2) Oxygen ebullition experiments a) Based on the supporting data Figure 4—source data 1, it appears that there was a failure to do QA/QC on the oxygen concentrations in the POP experiments. The dissolved oxygen concentration at the end of all of the non-control experiments are outside the stated accurate range for the instrument used, 0-20 mg/L or 0-200% saturation, whichever is lower (https://www.hach.com/hq40d-portable-multi-meter-ph-conductivity-salinity-tds-dissolved-oxygen-do-orp-and-ise-for-water/product-details?id=7640501639). Since this is an optode based optical system, the concentration based range is more notion than reality and the saturation state should always be the limiting bound at high oxygen conditions. Optode based dissolved oxygen sensors have nonlinear responses to concentration, so the deviation from the true value may vary in a way that is not readily predictable (even within the 0-200% range the accuracy varies substantially). Not only are all the experiments beyond the accurate range, many of them (including all the CCA experiments) are beyond the instrument bounds (the internal QA filter is apparently set to 30 mg/L given the constant endpoint values of ~935 μm in many experiments).
As described above, the reviewer mistook the values presented in Figure 4—source data 1. These values are not concentrations (µM), but number of mols in the chamber, accounting for the volume of the incubation chamber, 1.5 L. We used calibrated probed, and performed an uncertainty quantification now included in the Source datasets provided with the manuscript. In the cases where dissolved O2 was above the 20 mg/L upper limit, we conservatively used the value 20 mg/L. To test whether ebullition is environmentally relevant we performed additional open-tank experiments (Figure 5—source data 1).

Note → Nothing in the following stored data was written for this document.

definition star_graph :: "nat \<Rightarrow> graph" where
  "star_graph k = (Suc k, {(i, j). (i = 0 \<and> j \<in> {1..k}) \<or> (j = 0 \<and> i \<in> {1..k})})"

definition path_graph :: "nat \<Rightarrow> graph" where
  "path_graph n = (n, {(i, j). i < n \<and> j < n \<and> (j = Suc i \<or> i = Suc j)})"

lemma fst_path_graph [simp]: "fst (path_graph n) = n"
  by (simp add: path_graph_def)

lemma simple_graph_star_graph: "simple_graph (star_graph k)"
  unfolding simple_graph_def star_graph_def by auto

lemma simple_graph_path_graph: "simple_graph (path_graph n)"
  unfolding simple_graph_def path_graph_def by auto

lemma forcing_number_star_graph: "k - 1 \<le> forcing_number skew (star_graph k)"
proof -
  obtain S where S: "S \<subseteq> {0..<Suc k}" "card S = forcing_number skew (star_graph k)"
    "forcing_closure skew (star_graph k) S = {0..<Suc k}"
    using forcing_number_attained[OF simple_graph_star_graph] by (auto simp: star_graph_def)
  have "card ({1..k} - S) \<le> Suc 0"
    unfolding card_le_Suc0_iff_eq[OF finite_Diff[OF finite_atLeastAtMost]]
  proof (intro ballI)
    fix l1 l2 assume l: "l1 \<in> {1..k} - S" "l2 \<in> {1..k} - S"
    show "l1 = l2"
    proof (rule ccontr)
      assume "l1 \<noteq> l2"
      then have "l1 \<notin> forcing_closure skew (star_graph k) S"
        using l by (intro forcing_closure_twin_leaves[where c = 0]) (auto simp: star_graph_def)
      with S(3) l show False by auto
    qed
  qed
  moreover have "k \<le> card ({1..k} \<inter> S) + card ({1..k} - S)"
    by (metis card_Int_Diff card_atLeastAtMost diff_Suc_1 finite_atLeastAtMost order_refl)
  moreover have "card ({1..k} \<inter> S) \<le> card S"
    using S(1) by (intro card_mono) (auto intro: finite_subset)
  ultimately show ?thesis using S(2) by linarith
qed

lemma forcing_number_path_graph: "forcing_number skew (path_graph n) \<le> 1"
proof (cases "n = 0")
  case True
  then show ?thesis
    using forcing_number_le[of "{}" "path_graph n" skew] subset_forcing_closure[of "{}"]
      forcing_closure_bounded[OF simple_graph_path_graph, of skew n "{}"]
    by (auto simp: path_graph_def)
next
  case False
  have "i \<in> forcing_closure skew (path_graph n) {0}" if "i < n" for i
    using that
  proof (induction i rule: less_induct)
    case (less i)
    show ?case
    proof (cases i)
      case 0
      then show ?thesis by (auto intro: forcing_closure.init)
    next
      case (Suc j)
      show ?thesis
      proof (rule forcing_closure.force[where u = j])
        show "if skew then j < fst (path_graph n) else j \<in> forcing_closure skew (path_graph n) {0}"
          using less Suc by (auto simp: path_graph_def)
        show "(j, i) \<in> snd (path_graph n)" using less.prems Suc by (simp add: path_graph_def)
        show "\<forall>x. (j, x) \<in> snd (path_graph n) \<and> x \<noteq> i \<longrightarrow> x \<in> forcing_closure skew (path_graph n) {0}"
          using less Suc by (auto simp: path_graph_def)
      qed
    qed
  qed
  then have "forcing_closure skew (path_graph n) {0} = {0..<fst (path_graph n)}"
    using forcing_closure_bounded[OF simple_graph_path_graph, of skew n "{0}"] False
    by (auto simp: path_graph_def)
  then show ?thesis
    using forcing_number_le[of "{0}" "path_graph n" skew] False by (simp add: path_graph_def)
qed

lemma cospectral_star_3_path_2_path_5_path_1:
  "cospectral (disjoint_union (star_graph 3) (path_graph 2))
     (disjoint_union (path_graph 5) (path_graph 1))"
proof -
  let ?A = "adj_matrix (disjoint_union (star_graph 3) (path_graph 2))"
  let ?B = "adj_matrix (disjoint_union (path_graph 5) (path_graph 1))"
  define P :: "real mat" where "P = mat 6 6 (\<lambda>(i, j).
    [[0, -1, 0, -1, 0, 0], [1, 0, -2, 0, 1, 1], [-1, 0, 0, 0, -1, -1],
     [-1, 0, 0, 0, -1, 0], [1, 0, 0, 0, -1, 0], [0, 1, 0, -1, 0, 0]] ! i ! j)"
  define Q :: "real mat" where "Q = mat 6 6 (\<lambda>(i, j).
    [[0, 0, 0, -1/2, 1/2, 0], [-1/2, 0, 0, 0, 0, 1/2], [0, -1/2, -1/2, 0, 0, 0],
     [-1/2, 0, 0, 0, 0, -1/2], [0, 0, 0, -1/2, -1/2, 0], [0, 0, -1, 1, 0, 0]] ! i ! j)"
  have less_6: "i = 0 \<or> i = 1 \<or> i = 2 \<or> i = 3 \<or> i = 4 \<or> i = 5" if "i < 6" for i :: nat
    using that by auto
  have sum_6: "(\<Sum>k\<in>{0..<6::nat}. f k) = f 0 + f 1 + f 2 + f 3 + f 4 + (f 5 :: real)" for f
    by (simp add: eval_nat_numeral atLeast0_lessThan_Suc)
  have carrier: "?A \<in> carrier_mat 6 6" "?B \<in> carrier_mat 6 6" "P \<in> carrier_mat 6 6" "Q \<in> carrier_mat 6 6"
    by (auto simp: adj_matrix_def star_graph_def path_graph_def P_def Q_def)
  have AP: "?A * P = P * ?B"
  proof (rule eq_matI)
    fix i j assume "i < dim_row (P * ?B)" "j < dim_col (P * ?B)"
    then have "i < 6" "j < 6" using carrier by auto
    then show "(?A * P) $$ (i, j) = (P * ?B) $$ (i, j)"
      using less_6 [OF \<open>i < 6\<close>] less_6[OF \<open>j < 6\<close>] carrier
      by (elim disjE) (simp_all add: P_def adj_matrix_def disjoint_union_def shift_edges_iff
          star_graph_def path_graph_def scalar_prod_def sum_6)
  qed (use carrier in auto)
  have PQ: "P * Q = 1\<^sub>m 6"
  proof (rule eq_matI)
    fix i j assume "i < dim_row (1\<^sub>m 6 :: real mat)" "j < dim_col (1\<^sub>m 6 :: real mat)"
    then have "i < 6" "j < 6" by auto
    then show "(P * Q) $$ (i, j) = 1\<^sub>m 6 $$ (i, j)"
      using less_6 [OF \<open>i < 6\<close>] less_6[OF \<open>j < 6\<close>]
      by (elim disjE) (simp_all add: P_def Q_def scalar_prod_def sum_6)
  qed (use carrier in auto)
  have "?A = ?A * (P * Q)" using carrier by (simp add: PQ)
  also have "\<dots> = P * ?B * Q" using carrier by (simp add: AP flip: assoc_mult_mat)
  finally have "similar_mat ?A ?B"
    using carrier PQ mat_mult_left_right_inverse[OF carrier(3,4) PQ]
    by (intro similar_matI[where P = P and Q = Q and n = 6]) auto
  then show ?thesis
    unfolding cospectral_def adj_spectrum_def by (simp add: char_poly_similar)
qed

lemma zero_forcing_number_path_5_path_1_less_star_3_path_2:
  "zero_forcing_number (disjoint_union (path_graph 5) (path_graph 1))
    < zero_forcing_number (disjoint_union (star_graph 3) (path_graph 2))"
proof -
  have path: "zero_forcing_number (path_graph n) \<le> 1" for n
    using forcing_number_path_graph by (simp add: zero_forcing_number_eq_forcing_number)
  have "zero_forcing_number (disjoint_union (path_graph 5) (path_graph 1)) \<le> 2"
    using path[of 5] path[of 1]
    by (simp add: zero_forcing_number_disjoint_union simple_graph_path_graph del: One_nat_def)
  moreover have "2 \<le> zero_forcing_number (star_graph 3)"
    using forcing_number_star_graph[of 3 False] by (simp add: zero_forcing_number_eq_forcing_number)
  moreover have "1 \<le> zero_forcing_number (path_graph 2)"
    using zero_forcing_number_pos[OF simple_graph_path_graph, of 2] by simp
  ultimately show ?thesis
    by (simp add: zero_forcing_number_disjoint_union simple_graph_path_graph simple_graph_star_graph)
qed

section \<open>Building the pairs\<close>

definition cospectral_with_distinct_forcing_numbers :: "graph \<Rightarrow> graph \<Rightarrow> bool" where
  "cospectral_with_distinct_forcing_numbers G H \<longleftrightarrow>
    simple_graph G \<and> simple_graph H \<and> cospectral G H
    \<and> zero_forcing_number G \<noteq> zero_forcing_number H
    \<and> skew_zero_forcing_number G \<noteq> skew_zero_forcing_number H"

lemma cospectral_with_distinct_forcing_numbers_disjoint_union:
  assumes "simple_graph G" "simple_graph G'" "simple_graph H" "simple_graph H'"
    and "cospectral G G'" "cospectral H H'"
    and "zero_forcing_number G + zero_forcing_number H \<noteq> zero_forcing_number G' + zero_forcing_number H'"
    and "skew_zero_forcing_number G + skew_zero_forcing_number H
      \<noteq> skew_zero_forcing_number G' + skew_zero_forcing_number H'"
  shows "cospectral_with_distinct_forcing_numbers (disjoint_union G H) (disjoint_union G' H')"
  using assms unfolding cospectral_with_distinct_forcing_numbers_def
  by (simp add: simple_graph_disjoint_union cospectral_disjoint_union
      zero_forcing_number_disjoint_union skew_zero_forcing_number_disjoint_union)

lemma cospectral_with_distinct_forcing_numbers_exists:
  assumes G: "simple_graph G1" "simple_graph G2" "cospectral G1 G2"
    and skew_distinct: "skew_zero_forcing_number G1 \<noteq> skew_zero_forcing_number G2"
    and H: "simple_graph H1" "simple_graph H2" "cospectral H1 H2"
    and zero_distinct: "zero_forcing_number H1 \<noteq> zero_forcing_number H2"
  shows "\<exists>P1 P2. cospectral_with_distinct_forcing_numbers P1 P2"
proof (cases "zero_forcing_number G1 = zero_forcing_number G2")
  case False
  have "cospectral_with_distinct_forcing_numbers (disjoint_union G1 H1) (disjoint_union G2 H1)"
    using G H False skew_distinct
    by (intro cospectral_with_distinct_forcing_numbers_disjoint_union) (simp_all add: cospectral_def)
  then show ?thesis by blast
next
  case True
  \<comment> \<open>if both sums below coincided, adding the two equations would give equal \<open>Z\<^sub>-\<close> for \<open>G1\<close>, \<open>G2\<close>\<close>
  consider
    "skew_zero_forcing_number G1 + skew_zero_forcing_number H1
      \<noteq> skew_zero_forcing_number G2 + skew_zero_forcing_number H2"
  | "skew_zero_forcing_number G1 + skew_zero_forcing_number H2
      \<noteq> skew_zero_forcing_number G2 + skew_zero_forcing_number H1"
    using skew_distinct by linarith
  then show ?thesis
  proof cases
    case 1
    have "cospectral_with_distinct_forcing_numbers (disjoint_union G1 H1) (disjoint_union G2 H2)"
      using G H True zero_distinct 1
      by (intro cospectral_with_distinct_forcing_numbers_disjoint_union) simp_all
    then show ?thesis by blast
  next
    case 2
    have "cospectral_with_distinct_forcing_numbers (disjoint_union G1 H2) (disjoint_union G2 H1)"
      using G H True zero_distinct 2
      by (intro cospectral_with_distinct_forcing_numbers_disjoint_union) (simp_all add: cospectral_def)
    then show ?thesis by blast
  qed
qed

b) Hypothetically the above experimental data from below the upper instrument detection bound could be salvaged, if a full range calibration to Winkler titrations or another sensor were to be run on the same sensor cap originally used, at each of the experimental temperatures (the oxygen sensitivity of the optode foil is temperature dependent). See Bushinsky and Emerson, 2013 for an example of what this might look like (https://doi.org/10.1016/j.marchem.2013.05.001). But the sensor characteristics have a substantial "grow-in" if they are new, and change if they are dry for an extended period, so this would have the best results if the sensor cap had already seen several months of use prior to the experiments and has been kept continuously moist since. But without the beyond detection samples there is insufficient experimental power to determine significance…
The misinterpretation of concentration versus absolute values in Figure 4—source data 1 were now clarified. The uncertainty propagation calculates are provided in source data for Figures 2, 3 and 4, and described in the Materials and methods (–subsection “Uncertainty quantification”).
c) I'm concerned with how the sampling of the headspace gas is described. The manuscript says the gas was transferred from a syringe to a wide mouthed container that the second probe was placed into. Gas diffuses quickly, so I don't see how this could lead to accurate measurements-but I may be misunderstanding, and this refers to the dissolved sample? At any rate this description needs to be clarified.
Air-tight containers and valves were used, and the oxygen concentration in the sample was measured immediately upon collection by transferring the gas volume to the wide-mouth container located next to the incubation chamber. All of the containers and incubation chambers were underwater inside a larger holding tank, and no gas was lost during quantification procedures (subsection “O2 release by benthic primary producers”, first paragraph).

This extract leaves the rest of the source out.